Илья ворочал языком во рту сигаретку. «Вот оно в чем закваска... С умом поставлено: девку даже приспособили». Спросил как можно спокойнее:

— Очутилась как она тут... ростовчанка?

— У родичей. С матерью они. Вскорости после немцев явились. Такая, знаете, бедовая... Полковнику-румыну шарики за ролики завела. Другую неделю из хутора не выберется. И полк свой бросил. Тут, в соседних хуторах, квартируют. Ворюги, спасу нет. Скирды последние потравили, до катушков догреблись...

— Ну? Ну?

Подогретый явным интересом гильфполицая, Панька и вовсе развязал язык:

— Так он, Ленька, отбил ее у румына. Вчерась на виду всего хутора увел из-под носа барона. В степь...

— Свадьбится, выходит? — Илья подбил пальцем усы.

— На мази дело.

Вскоре Качуре удалось видеть «кралю» своими глазами. Атаман прислал сообщение: в контору нагрянуло какое-то высокое начальство. Страх и служба заставили его ехать на доклад к хозяевам. Дозволил и полицаю сесть в тачанку рядом с кучером. Вывернулись из тесного проулка, Панька, указывая кивком, сказал подобострастно:

— Гляньте, она...

Кучер тронул лошадей рысью. Но Илья успел окинуть взглядом тонюсенькую девчурку с мальчишеской челкой и ярко-дерзкими глазами. С трудом удержался, чтобы не оглянуться. Передохнул свободнее — понимал, замести следы сына будет сподручнее. Два человека опасны — пан Терновский и Воронок. Этого чернозевого пса можно заставить молчать, а комендант... Крепко, за самое горло он держит его, Илью Качуру.

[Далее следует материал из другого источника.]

(* Let $\Lambda_1,\Lambda_2$ be independent random real diagonal $m\times m$ matrices with finite fourth moments, let $Q_s$ be a random $\beta$-orthogonal permutation-invariant matrix, let $\Pi$ be a uniformly random permutation matrix and $Q$ a $\beta$-Haar distributed $\beta$-orthogonal matrix, with each of $Q_s,\Pi,Q$ independent of $(\Lambda_1,\Lambda_2)$. Set $$M=\Lambda_1+Q_s^{-1}\Lambda_2Q_s,\quad M_c=\Lambda_1+\Pi^{-1}\Lambda_2\Pi,\quad M_f=\Lambda_1+Q^{-1}\Lambda_2Q,$$ and $m_4=\varphi[M^4]$, $m_4^c=\varphi[M_c^4]$, $m_4^f=\varphi[M_f^4]$. Assume $\mathbb{E}[\tilde\kappa_2(\Lambda_1)\tilde\kappa_2(\Lambda_2)]\ne 0$. Then the number $p$ defined by $m_4=p\,m_4^f+(1-p)\,m_4^c$ is independent of the distributions of $\Lambda_1,\Lambda_2$ and equals $$p=\frac{m_4^c-m_4}{m_4^c-m_4^f}=\frac{1-m\,\mathbb{E}(|q_s|^4)}{1-m\,\mathbb{E}(|q|^4)},$$ where $q_s$ is any entry of $Q_s$ and $q$ is any entry of $Q$. Since $1-m\mathbb{E}(|q|^4)=\frac{(m-1)\beta}{m\beta+2}\to1$ as $m\to\infty$, $p$ is asymptotically $1-m\,\mathbb{E}(|q_s|^4)$.
   Context: Fix integers $m\ge 2$ and $\beta\in\{1,2,4\}$. A $\beta$-orthogonal matrix is an $m\times m$ real orthogonal ($\beta=1$), complex unitary ($\beta=2$) or quaternionic unitary/symplectic ($\beta=4$) matrix; $U^{-1}=U^{*}$. A random $\beta$-orthogonal matrix $U$ is called permutation invariant if for all $m\times m$ permutation matrices $\Pi_1,\Pi_2$ the joint distribution of the entries of $\Pi_1U\Pi_2$ equals that of $U$. For a random $m\times m$ matrix $X$, $\varphi[X]:=\frac1m\mathbb{E}\,\mathrm{Tr}\,X$ (for $\beta=4$, $\mathrm{Tr}$ denotes the real part of the trace). For a diagonal matrix $\mathrm{diag}(x_1,\dots,x_m)$, $\tilde\kappa_2:=\frac1m\sum_i x_i^2-\frac{1}{m(m-1)}\sum_{i\neq j}x_ix_j$. Known fact used: for a $\beta$-Haar matrix, every entry $q$ satisfies $\mathbb{E}|q|^4=\frac{\beta+2}{m(m\beta+2)}$. *)

theory Defs
  imports "HOL-Probability.Probability"
begin
(* Let $\mathcal O_t=\{x\in\mathbb Z^d:N_{t,x}>0\}$ and let $|\mathcal O_t|$ be its cardinality. Suppose that $$\delta:=P\Big(\bigcap_{x\in\mathbb Z^d}\{A_{1,x,0}=0\}\Big)>0.$$ Then $P\big(\lim_{t\to\infty}|\mathcal O_t|\in\{0,\infty\}\big)=1$.
   Context: Let $d\ge1$. For $x\in\mathbb R^d$, $|x|=\sum_i|x_i|$. Let $A_t=(A_{t,x,y})_{x,y\in\mathbb Z^d}$, $t=1,2,\dots$, be i.i.d. random matrices on a probability space $(\Omega,\mathcal F,P)$ such that: (i) $A_{1,x,y}\ge0$; (ii) the columns $\{A_{1,\cdot,y}\}_{y\in\mathbb Z^d}$ are independent; (iii) $P[A_{1,x,y}^2]<\infty$ for all $x,y$; (iv) there is a nonrandom $r_A\in\mathbb N$ with $A_{1,x,y}=0$ a.s. if $|x-y|>r_A$; (v) $(A_{1,x+z,y+z})_{x,y}$ has the same law as $A_1$ for every $z\in\mathbb Z^d$; (vi) with $a_y=P[A_{1,0,y}]$, the set $\{x:\sum_y a_{x+y}a_y\neq0\}$ contains a linear basis of $\mathbb R^d$. Given a nonrandom $N_0\in[0,\infty)^{\mathbb Z^d}$ with $\{x:N_{0,x}>0\}$ finite and nonempty, define $N_{t,y}=\sum_xN_{t-1,x}A_{t,x,y}$ for $t\ge1$. *)

theory Defs
  imports "HOL-Probability.Probability"
begin

text \<open>Sites of Z^d are vectors int^'d ('d a finite index type, so d >= 1).\<close>

definition l1norm :: "int ^ 'd \<Rightarrow> int" where
  "l1norm x = (\<Sum>i\<in>UNIV. \<bar>x $ i\<bar>)"

definition to_real_vec :: "int ^ 'd \<Rightarrow> real ^ 'd" where
  "to_real_vec x = (\<chi> i. real_of_int (x $ i))"

definition mat_space :: "(int ^ 'd \<Rightarrow> int ^ 'd \<Rightarrow> real) measure" where
  "mat_space = PiM UNIV (\<lambda>_. PiM UNIV (\<lambda>_. borel))"

definition col_space :: "(int ^ 'd \<Rightarrow> real) measure" where
  "col_space = PiM UNIV (\<lambda>_. borel)"

primrec popN :: "(nat \<Rightarrow> 'w \<Rightarrow> int ^ 'd \<Rightarrow> int ^ 'd \<Rightarrow> real) \<Rightarrow> (int ^ 'd \<Rightarrow> real)
                 \<Rightarrow> nat \<Rightarrow> 'w \<Rightarrow> int ^ 'd \<Rightarrow> real" where
  "popN A N0 0 \<omega> = N0"
| "popN A N0 (Suc t) \<omega> = (\<lambda>y. infsum (\<lambda>x. popN A N0 t \<omega> x * A (Suc t) \<omega> x y) UNIV)"

definition occupied :: "(nat \<Rightarrow> 'w \<Rightarrow> int ^ 'd \<Rightarrow> int ^ 'd \<Rightarrow> real) \<Rightarrow> (int ^ 'd \<Rightarrow> real)
                 \<Rightarrow> nat \<Rightarrow> 'w \<Rightarrow> (int ^ 'd) set" where
  "occupied A N0 t \<omega> = {x. popN A N0 t \<omega> x > 0}"

definition ecard :: "'a set \<Rightarrow> ereal" where
  "ecard S = (if finite S then ereal (real (card S)) else \<infinity>)"

end

theory Submission
  imports Defs
begin

(*
  Extinction or explosion: for the linear growth model N_t = N_{t-1} A_t driven by i.i.d.
  nonnegative random matrices of finite range r_A, if a fixed column of A_1 vanishes with
  probability delta > 0, then almost surely the number of occupied sites tends to 0 or to
  infinity.

  Fix K and call a time t small if the occupied set O_t is nonempty with at most K
  sites.  If all columns of A_{t+1} indexed by the r_A-neighbourhood of O_t vanish, then
  O_{t+1} is empty.  Independence of the columns and shift invariance give this event
  probability delta^(#neighbourhood) >= eps_K := delta^(K*c), with c the size of an l1-ball,
  and A_{t+1} is independent of the history up to time t.  Hence the probability of seeing
  n+1 small times is at most (1 - eps_K)^n, so almost surely there are only finitely many
  small times, for every K at once.  Finally, a sequence of finite sets in which the empty
  set is absorbing and which is small only finitely often has cardinality tending to 0 or
  to infinity.
*)

definition nbhd :: "nat \<Rightarrow> (int^'d) set \<Rightarrow> (int^'d) set" where
  "nbhd r S = {y. \<exists>x\<in>S. l1norm (x - y) \<le> int r}"

lemma finite_l1_ball: "finite {z::int^'d. l1norm z \<le> int r}"
proof -
  have "-int r \<le> z $ i \<and> z $ i \<le> int r" if "l1norm z \<le> int r" for z :: "int^'d" and i
  proof -
    have "\<bar>z $ i\<bar> \<le> (\<Sum>j\<in>UNIV. \<bar>z $ j\<bar>)" by (rule member_le_sum) auto
    with that show ?thesis by (simp add: l1norm_def abs_le_iff)
  qed
  then have "{z::int^'d. l1norm z \<le> int r} \<subseteq> vec_lambda ` (PiE UNIV (\<lambda>_. {-int r..int r}))"
    by (auto intro!: image_eqI[of _ _ "vec_nth z" for z])
  then show ?thesis
    by (rule finite_subset) (intro finite_imageI finite_PiE; simp)
qed

lemma nbhd_as_image: "nbhd r S = (\<lambda>(x, z). x - z) ` (S \<times> {z. l1norm z \<le> int r})"
  unfolding nbhd_def by (force simp: image_iff)

lemma finite_nbhd: "finite S \<Longrightarrow> finite (nbhd r S)"
  unfolding nbhd_as_image by (intro finite_imageI finite_cartesian_product finite_l1_ball)

lemma card_nbhd_le:
  assumes "finite (S :: (int^'d) set)"
  shows "card (nbhd r S) \<le> card S * card {z::int^'d. l1norm z \<le> int r}"
  unfolding nbhd_as_image card_cartesian_product[symmetric]
  using assms finite_l1_ball by (intro card_image_le finite_cartesian_product)

lemma subset_nbhd: "S \<subseteq> nbhd r S"
  unfolding nbhd_def l1norm_def by force

(* The truncated dynamics driven by a sequence H of matrices: entries are replaced by their
   positive part and cut off beyond range r, and sums run over the finite region reach t that
   can possibly be occupied at time t.  It is a finite, measurable version of popN. *)

definition trunc_mat :: "nat \<Rightarrow> (int^'d \<Rightarrow> int^'d \<Rightarrow> real) \<Rightarrow> int^'d \<Rightarrow> int^'d \<Rightarrow> real" where
  "trunc_mat r B x y = (if l1norm (x - y) \<le> int r then max 0 (B x y) else 0)"

primrec reach :: "nat \<Rightarrow> (int^'d \<Rightarrow> real) \<Rightarrow> nat \<Rightarrow> (int^'d) set" where
  "reach r N0 0 = {x. 0 < N0 x}"
| "reach r N0 (Suc t) = nbhd r (reach r N0 t)"

primrec tpop :: "nat \<Rightarrow> (int^'d \<Rightarrow> real) \<Rightarrow> (nat \<Rightarrow> int^'d \<Rightarrow> int^'d \<Rightarrow> real)
                 \<Rightarrow> nat \<Rightarrow> int^'d \<Rightarrow> real" where
  "tpop r N0 H 0 = N0"
| "tpop r N0 H (Suc t) =
     (\<lambda>y. \<Sum>x\<in>reach r N0 t. tpop r N0 H t x * trunc_mat r (H (Suc t)) x y)"

definition tocc :: "nat \<Rightarrow> (int^'d \<Rightarrow> real) \<Rightarrow> (nat \<Rightarrow> int^'d \<Rightarrow> int^'d \<Rightarrow> real)
                    \<Rightarrow> nat \<Rightarrow> (int^'d) set" where
  "tocc r N0 H t = {x. 0 < tpop r N0 H t x}"

(* All columns of B indexed by the r-neighbourhood of S vanish: then mass on S is killed. *)
definition cols_vanish :: "nat \<Rightarrow> (int^'d) set \<Rightarrow> (int^'d \<Rightarrow> int^'d \<Rightarrow> real) \<Rightarrow> bool" where
  "cols_vanish r S B \<longleftrightarrow> (\<forall>y\<in>nbhd r S. \<forall>x. B x y = 0)"

lemma tpop_history_cong:
  "(\<And>i. i \<in> {1..t} \<Longrightarrow> H i = H' i) \<Longrightarrow> tpop r N0 H t = tpop r N0 H' t"
  by (induction t) auto

definition small :: "nat \<Rightarrow> (int^'d \<Rightarrow> real) \<Rightarrow> nat \<Rightarrow> (nat \<Rightarrow> int^'d \<Rightarrow> int^'d \<Rightarrow> real)
                     \<Rightarrow> nat \<Rightarrow> bool" where
  "small r N0 K H t \<longleftrightarrow> tocc r N0 H t \<noteq> {} \<and> card (tocc r N0 H t) \<le> K"

primrec nsmall :: "nat \<Rightarrow> (int^'d \<Rightarrow> real) \<Rightarrow> nat \<Rightarrow> (nat \<Rightarrow> int^'d \<Rightarrow> int^'d \<Rightarrow> real)
                   \<Rightarrow> nat \<Rightarrow> nat" where
  "nsmall r N0 K H 0 = 0"
| "nsmall r N0 K H (Suc t) = nsmall r N0 K H t + (if small r N0 K H t then 1 else 0)"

Но та рука вдруг разжалась. Упала плетью, как перебитая. Протискался Илья между машин, тесно обступивших контору. У крылечка встали перед ним два автоматчика. Тотчас расступились.

— Пан Качура?

Илья поднял голову. В дверях — офицер, молодой, незнакомый. Тонкие белые усики дергались на припухлой юношеской губе — едва сдерживал какое-то радостное волнение. Щелкнул весело каблуками и, подкинув руку к лакированному козырьку, представился:

— Обер-лейтенант фон Дёрр, комендант Терновской станицы;

На недоуменный взгляд гильфполицая новоявленный комендант вздел кверху руки, покрутил головой, как бы говоря: на этом свете все так случайно и недолговечно...

— Вернетесь в станицу, жду вас у себя. Откозырял, крутнулся на каблуках и пошел играющей походкой. Занес уже в кабину ногу, обернулся:

— Слыхал, у вас партизанами убит сын... Скорбно. Генерал Гросс... и я приносим вам соболезнование.

Водил Илья Качура шеей, как бык, выпряженный из ярма, хватал ртом утреннюю прохладу. Дышать стало вольнее, но во всем теле он внезапно ощутил ноющую боль. Едва дотащился до тачанки.